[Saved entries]
※

lemma hub_shape_last_max:
  assumes "\<forall>z\<in>set c. inner lo hi z \<and> nu \<le> z \<and> z \<le> mu" "c = U0 @ nu # R0 @ [mu]"
  shows "hub_shape lo hi c (R0 @ [mu]) (U0 @ [nu])"
proof (rule hub_shapeI)
  fix x assume x: "set x \<subseteq> {lo..hi}" "filter (inner lo hi) x = c"
  obtain A W where AW: "x = A @ nu # W" "filter (inner lo hi) A = U0"
      "filter (inner lo hi) W = R0 @ [mu]"
    using filter_eq_append_ConsD[of "inner lo hi" x U0 nu "R0 @ [mu]"] x(2) assms(2) by auto
  then obtain B T where BT: "W = B @ mu # T" "filter (inner lo hi) B = R0"
      "filter (inner lo hi) T = []"
    using filter_eq_append_ConsD[of "inner lo hi" W R0 mu "[]"] by auto
  have bounds: "\<forall>z\<in>set x. inner lo hi z \<longrightarrow> nu \<le> z \<and> z \<le> mu"
    using assms(1) unfolding x(2)[symmetric] by auto
  have numu: "lo < nu" "nu \<le> mu" "mu < hi" "inner lo hi mu"
    using assms by (auto simp: inner_def)
  \<comment> \<open>After the rotation the word ends with the minimum nu, which lets lo-letters but not
    hi-letters pass inner letters; so the hi-letters are first moved to the front, with
    witness mu.\<close>
  define Hs where "Hs = filter (\<lambda>z. z = hi) (A @ [nu] @ B)"
  define A' where "A' = filter (\<lambda>z. z \<noteq> hi) A"
  define B' where "B' = filter (\<lambda>z. z \<noteq> hi) B"
  have "\<forall>e\<in>set (A @ [nu] @ B). e \<noteq> hi \<longrightarrow> swappable e hi (mu # T)"
  proof (intro ballI impI)
    fix e assume "e \<in> set (A @ [nu] @ B)" "e \<noteq> hi"
    then have "e \<in> set x" "e \<noteq> hi"
      by (auto simp: AW BT)
    then have "e \<le> mu"
      using bounds x(1) numu unfolding inner_def by fastforce
    then show "swappable e hi (mu # T)"
      using numu by (intro swappable_by[of mu]) auto
  qed
  then have "[] @ (A @ [nu] @ B) @ ([mu] @ T) \<approx> [] @ Hs @ (A' @ [nu] @ B') @ ([mu] @ T)"
    using partition_segment[of "A @ [nu] @ B" "\<lambda>z. z = hi" "[mu] @ T" "[]"] numu
    by (simp add: Hs_def A'_def B'_def)
  then have "x \<approx> (Hs @ A' @ [nu]) @ (B' @ [mu] @ T)"
    using AW(1) BT(1) by simp
  then have shift: "cyclic_shift x ((B' @ [mu] @ T) @ (Hs @ A' @ [nu]))"
    using taig_cong_cyclic_shift_left cyclic_shift_rotate by blast
  have "filter (inner lo hi) B' = R0" "filter (inner lo hi) A' = U0"
    using filter_inner_drop_outer[of lo hi hi] AW BT by (simp_all add: A'_def B'_def inner_def)
  moreover have "set (B' @ (T @ Hs) @ A') \<subseteq> {lo..hi}" "hi \<notin> set (B' @ A')"
    "filter (inner lo hi) (T @ Hs) = []" "\<forall>z\<in>set (B' @ A'). inner lo hi z \<longrightarrow> nu \<le> z"
    using x(1) bounds AW BT by (auto simp: A'_def B'_def Hs_def inner_def)
  ultimately obtain i j where "B' @ [mu] @ (T @ Hs) @ A' @ [nu]
      \<approx> R0 @ [mu] @ replicate i hi @ replicate j lo @ U0 @ [nu]"
    using gather_outer_before_min[of B' "T @ Hs" A' lo hi nu mu] numu by auto
  then show "\<exists>i j. cyclic_shift x ((R0 @ [mu]) @ replicate i hi @ replicate j lo @ U0 @ [nu])"
    using cyclic_shift_taig_cong_right[OF shift] by auto
qed (use assms in auto)

lemma inner_reflect: "z \<le> lo + hi \<Longrightarrow> inner lo hi (lo + hi - z) \<longleftrightarrow> inner lo hi z"
  by (auto simp: inner_def)

lemma filter_inner_reflect:
  "\<forall>z\<in>set w. z \<le> lo + hi \<Longrightarrow>
    filter (inner lo hi) (reflect (lo + hi) w) = reflect (lo + hi) (filter (inner lo hi) w)"
  by (induction w) (auto simp: inner_reflect)

lemma reflect_atLeastAtMost: "set x \<subseteq> {lo..hi} \<Longrightarrow> set (reflect (lo + hi) x) \<subseteq> {lo..hi}"
proof
  fix z assume "set x \<subseteq> {lo..hi}" "z \<in> set (reflect (lo + hi) x)"
  then obtain y where "y \<in> set x" "z = lo + hi - y"
    by auto
  moreover have "lo \<le> y" "y \<le> hi"
    using \<open>set x \<subseteq> {lo..hi}\<close> \<open>y \<in> set x\<close> by auto
  ultimately show "z \<in> {lo..hi}"
    by auto
qed

lemma hub_shape_reflect:
  assumes "hub_shape lo hi c R U" "U \<noteq> []" "\<forall>z\<in>set c. inner lo hi z"
  shows "hub_shape lo hi (reflect (lo + hi) c) (reflect (lo + hi) R) (reflect (lo + hi) U)"
  unfolding hub_shape_def
proof (intro conjI allI impI)
  let ?r = "reflect (lo + hi)"
  have inner_le: "inner lo hi z \<Longrightarrow> z \<le> lo + hi" for z
    by (simp add: inner_def)
  show RU: "\<forall>z\<in>set (?r R @ ?r U). inner lo hi z"
    using assms(1) inner_le inner_reflect by (auto simp: hub_shape_def)
  fix x assume x: "set x \<subseteq> {lo..hi}" "filter (inner lo hi) x \<approx> ?r c"
  have x_le: "\<forall>z\<in>set x. z \<le> lo + hi"
    using x(1) by auto
  have "filter (inner lo hi) (?r x) = ?r (filter (inner lo hi) x)"
    using filter_inner_reflect[OF x_le] .
  also have "\<dots> \<approx> ?r (?r c)"
    using taig_cong_reflect[OF x(2)] x_le by auto
  also have "?r (?r c) = c"
    using assms(3) inner_le by (intro reflect_reflect) auto
  finally obtain i j where "cyclic_shift (?r x) (R @ replicate i hi @ replicate j lo @ U)"
    using assms(1) reflect_atLeastAtMost[OF x(1)] unfolding hub_shape_def by blast
  moreover have "\<forall>z\<in>set (?r x). z \<le> lo + hi"
    by auto
  ultimately have "cyclic_shift (?r (?r x)) (?r (R @ replicate i hi @ replicate j lo @ U))"
    using cyclic_shift_reflect by blast
  then have shift: "cyclic_shift x (?r R @ (replicate i lo @ replicate j hi) @ ?r U)"
    using reflect_reflect[OF x_le] by simp
  obtain u U' where u: "?r U = u # U'"
    using assms(2) by (cases U) auto
  then have "lo \<le> u" "u \<le> hi"
    using RU by (auto simp: inner_def)
  moreover have "set (replicate i lo @ replicate j hi) \<subseteq> {lo, hi}"
    by auto
  ultimately obtain i' j' where "?r R @ (replicate i lo @ replicate j hi) @ ?r U
      \<approx> ?r R @ replicate i' hi @ replicate j' lo @ ?r U"
    using sort_outer_letters[of "replicate i lo @ replicate j hi" lo hi u "?r U" "?r R"] u by auto
  then show "\<exists>i j. cyclic_shift x (?r R @ replicate i hi @ replicate j lo @ ?r U)"
    using cyclic_shift_taig_cong_right[OF shift] by blast
qed

lemma min_max_adjacent:
  assumes "nu \<in> set c" "mu \<in> set c" "nu < rho" "rho < mu"
  shows "\<exists>U R. c @ [rho] \<approx> U @ [nu, mu] @ R \<and> rho \<in> set R"
proof -
  define l where "l = filter (\<lambda>z. z < rho) c"
  define r where "r = filter (\<lambda>z. \<not> z < rho) c"
  have across: "\<forall>a\<in>set L. \<forall>b\<in>set R. swappable a b q"
    if "set L \<subseteq> set l" "set R \<subseteq> set r" "rho \<in> set q" for L R q
  proof (intro ballI)
    fix a b assume "a \<in> set L" "b \<in> set R"
    then have "a < rho" "rho \<le> b"
      using that by (auto simp: l_def r_def)
    then show "swappable a b q"
      using that(3) by (intro swappable_by[of rho]) auto
  qed
  have "nu \<in> set l" "mu \<in> set r"
    using assms by (auto simp: l_def r_def)
  then obtain l1 l2 r1 r2 where l: "l = l1 @ nu # l2" and r: "r = r1 @ mu # r2"
    by (meson split_list)
  have "[] @ c @ [rho] \<approx> [] @ l @ r @ [rho]"
    unfolding l_def r_def
  proof (rule partition_segment, intro ballI impI)
    fix a b assume "a \<in> set c" "b \<in> set c" "a < rho" "\<not> b < rho"
    then show "swappable b a [rho]"
      by (intro swappable_by[of rho]) auto
  qed
  also have "\<dots> = (l1 @ [nu]) @ l2 @ (r1 @ [mu]) @ (r2 @ [rho])"
    by (simp add: l r)
  also have "\<dots> \<approx> (l1 @ [nu]) @ (r1 @ [mu]) @ l2 @ (r2 @ [rho])"
    by (intro swap_blocks across) (auto simp: l r)
  also have "\<dots> = l1 @ [nu] @ r1 @ ([mu] @ l2 @ r2 @ [rho])"
    by simp
  also have "\<dots> \<approx> l1 @ r1 @ [nu] @ ([mu] @ l2 @ r2 @ [rho])"
    by (intro swap_blocks across) (auto simp: l r)
  finally show ?thesis
    by (intro exI[of _ "l1 @ r1"] exI[of _ "l2 @ r2 @ [rho]"]) simp
qed

lemma gather_outer_before_min_max:
  assumes "set M \<subseteq> {lo..hi}" "\<forall>z\<in>set M. inner lo hi z \<longrightarrow> nu \<le> z \<and> z \<le> mu"
    and "lo < nu" "nu \<le> mu" "mu < hi" "set H \<subseteq> {hi}"
  shows "\<exists>i j. M @ [nu] @ H @ [mu] \<approx> filter (inner lo hi) M @ replicate i hi @ replicate j lo @ [nu, mu]"
proof -
  define L where "L = filter (\<lambda>z. \<not> inner lo hi z) M"
  have "[] @ M @ ([nu] @ H @ [mu]) \<approx> [] @ filter (inner lo hi) M @ L @ ([nu] @ H @ [mu])"
    unfolding L_def using assms by (intro separate_outer(1)) auto
  also have "\<dots> = (filter (inner lo hi) M @ L) @ [nu] @ H @ [mu]"
    by simp
  also have "\<dots> \<approx> (filter (inner lo hi) M @ L) @ H @ [nu] @ [mu]"
    using assms(4-6) by (intro swap_blocks) (auto intro!: swappable_by[of mu])
  also obtain i j where "\<dots> \<approx> filter (inner lo hi) M @ replicate i hi @ replicate j lo @ [nu, mu]"
  proof -
    have "set (L @ H) \<subseteq> {lo, hi}"
      using outer_letters[OF assms(1)] assms(6) by (auto simp: L_def)
    then show ?thesis
      using sort_outer_letters[of "L @ H" lo hi nu "[nu, mu]" "filter (inner lo hi) M"] that assms(3-5)
      by auto
  qed
  finally show ?thesis
    by auto
qed

lemma hub_shape_inner_last:
  assumes "\<forall>z\<in>set c. inner lo hi z \<and> nu \<le> z \<and> z \<le> mu"
    and "c \<approx> U @ [nu, mu] @ R" "R \<noteq> []"
  shows "hub_shape lo hi c (R @ U) [nu, mu]"
proof (rule hub_shape_cong[OF assms(2)], rule hub_shapeI)
  have c': "\<forall>z\<in>set (U @ [nu, mu] @ R). inner lo hi z \<and> nu \<le> z \<and> z \<le> mu"
    using assms(1) taig_cong_set[OF assms(2)] by simp
  then show "\<forall>z\<in>set ((R @ U) @ [nu, mu]). inner lo hi z"
    by auto
  have numu: "lo < nu" "nu \<le> mu" "mu < hi"
    using c' by (auto simp: inner_def)
  fix x assume x: "set x \<subseteq> {lo..hi}" "filter (inner lo hi) x = U @ [nu, mu] @ R"
  have bounds: "\<forall>z\<in>set x. inner lo hi z \<longrightarrow> nu \<le> z \<and> z \<le> mu"
    using c' unfolding x(2)[symmetric] by auto
  obtain A W where AW: "x = A @ nu # W" "filter (inner lo hi) A = U"
      "filter (inner lo hi) W = [] @ mu # R"
    using filter_eq_append_ConsD[of "inner lo hi" x U nu "mu # R"] x(2) by auto
  then obtain E B where EB: "W = E @ mu # B" "filter (inner lo hi) E = []"
      "filter (inner lo hi) B = R"
    using filter_eq_append_ConsD[OF AW(3)] by auto
  obtain r where "r \<in> set R"
    using assms(3) by (cases R) auto
  then have "r \<in> set (filter (inner lo hi) B)" "r \<le> mu"
    using EB(3) c' by auto
  then have r: "r \<in> set B" "lo < r" "r \<le> mu"
    by (auto simp: inner_def)
  have E: "set E \<subseteq> {lo, hi}"
    using no_inner_letters[OF _ EB(2)] x(1) AW(1) EB(1) by auto
  \<comment> \<open>After the rotation nothing below mu follows the lo-letters between nu and mu; so they
    are first moved behind mu, with an inner letter of R as witness.\<close>
  define H where "H = filter (\<lambda>z. z \<noteq> lo) E"
  define L where "L = filter (\<lambda>z. z = lo) E"
  have "\<forall>e\<in>set (E @ [mu]). e \<noteq> lo \<longrightarrow> swappable lo e B"
    using E r numu by (auto intro!: swappable_by[of r])
  then have "(A @ [nu]) @ (E @ [mu]) @ B \<approx> (A @ [nu]) @ (H @ [mu]) @ L @ B"
    using partition_segment[of "E @ [mu]" "\<lambda>z. z \<noteq> lo" B "A @ [nu]"] numu
    by (simp add: H_def L_def)
  then have shift: "cyclic_shift x ((L @ B @ A) @ [nu] @ H @ [mu])"
    using taig_cong_cyclic_shift_left cyclic_shift_rotate[of "A @ [nu] @ H @ [mu]" "L @ B"] AW(1) EB(1)
    by simp
  have "set (L @ B @ A) \<subseteq> {lo..hi}" "\<forall>z\<in>set (L @ B @ A). inner lo hi z \<longrightarrow> nu \<le> z \<and> z \<le> mu"
    "set H \<subseteq> {hi}" "filter (inner lo hi) (L @ B @ A) = R @ U"
    using x(1) bounds AW EB E numu by (auto simp: L_def H_def inner_def)
  then show "\<exists>i j. cyclic_shift x ((R @ U) @ replicate i hi @ replicate j lo @ [nu, mu])"
    using gather_outer_before_min_max[of "L @ B @ A" lo hi nu mu H] numu
      cyclic_shift_taig_cong_right[OF shift] by fastforce
qed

※

## What to produce
Print the first line of the records above and each line after it, exactly, through the line with "lo hi) W = R0".

## Exercise output
lemma hub_shape_last_max:
  assumes "\<forall>z\<in>set c. inner lo hi z \<and> nu \<le> z \<and> z \<le> mu" "c = U0 @ nu # R0 @ [mu]"
  shows "hub_shape lo hi c (R0 @ [mu]) (U0 @ [nu])"
proof (rule hub_shapeI)
  fix x assume x: "set x \<subseteq> {lo..hi}" "filter (inner lo hi) x = c"
  obtain A W where AW: "x = A @ nu # W" "filter (inner lo hi) A = U0"
      "filter (inner lo hi) W = R0 @ [mu]"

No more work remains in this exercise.